# Uncharted: Wie reagieren die Fans auf den offiziellen Filmtrailer?



## PCGH-Redaktion (22. Oktober 2021)

Jetzt ist Ihre Meinung gefragt zu *Uncharted: Wie reagieren die Fans auf den offiziellen Filmtrailer?*

					Der erste offizielle Trailer zum Uncharted-Film mit Tom Holland und Mark Wahlberg ist da. Aber was sagen die Fans? Die Meinungen auf Youtube fallen recht unterschiedlich aus.

					Bitte beachten Sie: Der Kommentarbereich wird gemäß der Forenregeln moderiert. Allgemeine Fragen und Kritik zu Online-Artikeln von PC Games Hardware sind im Feedback-Unterforum zu veröffentlichen und nicht im Kommentarthread zu einer News. Dort werden sie ohne Nachfragen entfernt.




			Dieser Inhalt steht nur eingeloggten Mitgliedern zur Verfügung.
        

 Zurück zum Artikel: *Uncharted: Wie reagieren die Fans auf den offiziellen Filmtrailer?*


----------



## camellion (23. Oktober 2021)

Seltsam ist, dass der Trailer viele Scenen aus den Spielen aufgreift, also Spieler diese Locations schon gesehen haben. Das Schiff in der Säle, die Kletterpartie am Flugzeug über die Kisten und das Auto. Irgendwie habe ich das Gefühl alle Teile in einem Film vermischt zu sehen. Auch konnte ich nicht erkennen, das es sich um ein Prequel handelt. Was ist überhaupt sinn der Story außer irgend einen großen Schatz zu finden, den Nathan im 4. Teil ja findet.


----------



## MarcHammel (23. Oktober 2021)

camellion schrieb:


> Seltsam ist, dass der Trailer viele Scenen aus den Spielen aufgreift, also Spieler diese Locations schon gesehen haben. Das Schiff in der Säle, die Kletterpartie am Flugzeug über die Kisten und das Auto. Irgendwie habe ich das Gefühl alle Teile in einem Film vermischt zu sehen. Auch konnte ich nicht erkennen, das es sich um ein Prequel handelt. Was ist überhaupt sinn der Story außer irgend einen großen Schatz zu finden, den Nathan im 4. Teil ja findet.

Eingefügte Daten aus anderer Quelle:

(* Let $\phi:\mathbb{R}^N\to\mathbb{R}$ be a bounded Borel function with $\phi\in C^{1,1}(x)$ and $p_x\neq0$. Then $$\mathcal{L}_s[\phi](x)=\int_0^\infty L_\phi\Big(x,t\frac{p_x}{|p_x|},t\frac{p_x}{|p_x|}\Big)\,\mathrm{d}\mu_s(t).$$
   Context: Fix $N\ge1$ and $s\in(\frac12,1)$. Let $C_s=\frac{4^s s\,\Gamma(\frac12+s)}{\pi^{1/2}\Gamma(1-s)}$. Let $\mu_s$ be the Borel measure on $(0,\infty)$ with $\mathrm{d}\mu_s(t)=C_s t^{-1-2s}\,\mathrm{d}t$. For $\phi:\mathbb{R}^N\to\mathbb{R}$ and $x,y,\tilde y\in\mathbb{R}^N$ let $L_\phi(x,y,\tilde y)=\phi(x+y)+\phi(x-\tilde y)-2\phi(x)$. Define $$\mathcal{L}_s[\phi](x)=\sup_{|y|=1}\inf_{|\tilde y|=1}\int_0^\infty L_\phi(x,ty,t\tilde y)\,\mathrm{d}\mu_s(t),$$ where $\int_0^\infty$ means $\lim_{\delta\to0^+}\int_\delta^\infty$ (a value in $[-\infty,\infty]$). We say $\phi\in C^{1,1}(x)$ if there exist $p_x\in\mathbb{R}^N$ and $C_x,\eta_x>0$ with $|\phi(x+y)-\phi(x)-\langle p_x,y\rangle|\le C_x|y|^2$ for all $|y|<\eta_x$. *)

theory Defs
  imports "HOL-Analysis.Analysis"
begin

definition C_const :: "real \<Rightarrow> real" where
  "C_const s = (4 powr s * s * Gamma (1/2 + s)) / (sqrt pi * Gamma (1 - s))"

text \<open>Density of mu_s with respect to Lebesgue measure on (0,inf).\<close>
definition mu_density :: "real \<Rightarrow> real \<Rightarrow> real" where
  "mu_density s t = C_const s * t powr (- 1 - 2 * s)"

definition Lphi :: "('a::real_normed_vector \<Rightarrow> real) \<Rightarrow> 'a \<Rightarrow> 'a \<Rightarrow> 'a \<Rightarrow> real" where
  "Lphi \<phi> x y z = \<phi> (x + y) + \<phi> (x - z) - 2 * \<phi> x"

definition pv_integral :: "real \<Rightarrow> (real \<Rightarrow> real) \<Rightarrow> ereal" where
  "pv_integral s f = Lim (at_right 0)
      (\<lambda>\<delta>. ereal (LINT t:{\<delta><..}|lborel. f t * mu_density s t))"

definition frac_op :: "real \<Rightarrow> ('a::euclidean_space \<Rightarrow> real) \<Rightarrow> 'a \<Rightarrow> ereal" where
  "frac_op s \<phi> x = (SUP y\<in>sphere 0 1. INF z\<in>sphere 0 1.
      pv_integral s (\<lambda>t. Lphi \<phi> x (t *\<^sub>R y) (t *\<^sub>R z)))"

definition C11_at :: "('a::euclidean_space \<Rightarrow> real) \<Rightarrow> 'a \<Rightarrow> 'a \<Rightarrow> bool" where
  "C11_at \<phi> x p \<longleftrightarrow> (\<exists>C \<eta>. C > 0 \<and> \<eta> > 0 \<and>
      (\<forall>y. norm y < \<eta> \<longrightarrow> \<bar>\<phi> (x + y) - \<phi> x - inner p y\<bar> \<le> C * (norm y)\<^sup>2))"

end

theory Submission
  imports Defs "HOL-Real_Asymp.Real_Asymp"
begin

text \<open>
  Since \<open>\<phi>\<close> is \<open>C\<^sup>1\<^sup>,\<^sup>1\<close> at \<open>x\<close>, for unit vectors \<open>y\<close>, \<open>z\<close> one has
  \<open>L\<^sub>\<phi>(x, t y, t z) = t \<langle>p, y - z\<rangle> + O(t\<^sup>2)\<close> as \<open>t \<rightarrow> 0\<^sup>+\<close>.  Against the density
  \<open>t powr (-1 - 2 s)\<close> a linear germ is not integrable at \<open>0\<close> when \<open>s > 1/2\<close>, while boundedness of
  \<open>\<phi>\<close> makes the tail at infinity harmless; hence the principal value is \<open>+\<infinity>\<close> or \<open>-\<infinity>\<close>
  according to the sign of \<open>\<langle>p, y - z\<rangle>\<close>.  By strict Cauchy--Schwarz, \<open>e = p/|p|\<close> is the
  unique unit vector maximising \<open>\<langle>p, \<cdot>\<rangle>\<close>, so \<open>(e, e)\<close> is a saddle point of the sup--inf:
  every \<open>z \<noteq> e\<close> gives \<open>+\<infinity>\<close> against \<open>y = e\<close>, and every \<open>y \<noteq> e\<close> gives \<open>-\<infinity>\<close> against \<open>z = e\<close>.
\<close>

lemma has_integral_powr_Ioi:
  fixes a e :: real
  assumes "e < -1" and "a > 0"
  shows "((\<lambda>x. x powr e) has_integral -(a powr (e + 1)) / (e + 1)) {a<..}"
proof (subst has_integral_spike_set_eq)
  show "negligible {x \<in> {a<..} - {a..}. x powr e \<noteq> 0}"
    by (rule negligible_subset[of "{a}"]) auto
  show "negligible {x \<in> {a..} - {a<..}. x powr e \<noteq> 0}"
    by (rule negligible_subset[of "{a}"]) auto
qed (rule has_integral_powr_to_inf[OF assms])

Man hat hier wohl einfach versucht, einen Wiedererkennungswert für die Spieler zu erstellen und gleichzeitig eine Vorgeschichte zu erzählen. Fraglich, dass dieses Vorhaben gelingt. 

Allerdings hat mir der Trailer trotzdem ganz gut gefallen und ich denke, dass man hier gutes Popcorn-Kino bekommt. Mehr aber auch nicht.


----------



## AzRa-eL (23. Oktober 2021)

Ich mag Tom und Mark. Erwarte coole Action mit coolen Sprüchen. Mehr ist Uncharted nicht. Wer hier eine tiefgehende Charakterstudie mit dramatischen Wendungen erwartet sollte seinen Kompass noch mal neu auf Arthouse kalibrieren 😆


----------



## SilentHunter (8. Januar 2022)

MarcHammel schrieb:


> Allerdings hat mir der Trailer trotzdem ganz gut gefallen und ich denke, dass man hier gutes Popcorn-Kino bekommt. Mehr aber auch nicht.


Aber auch nicht weniger


----------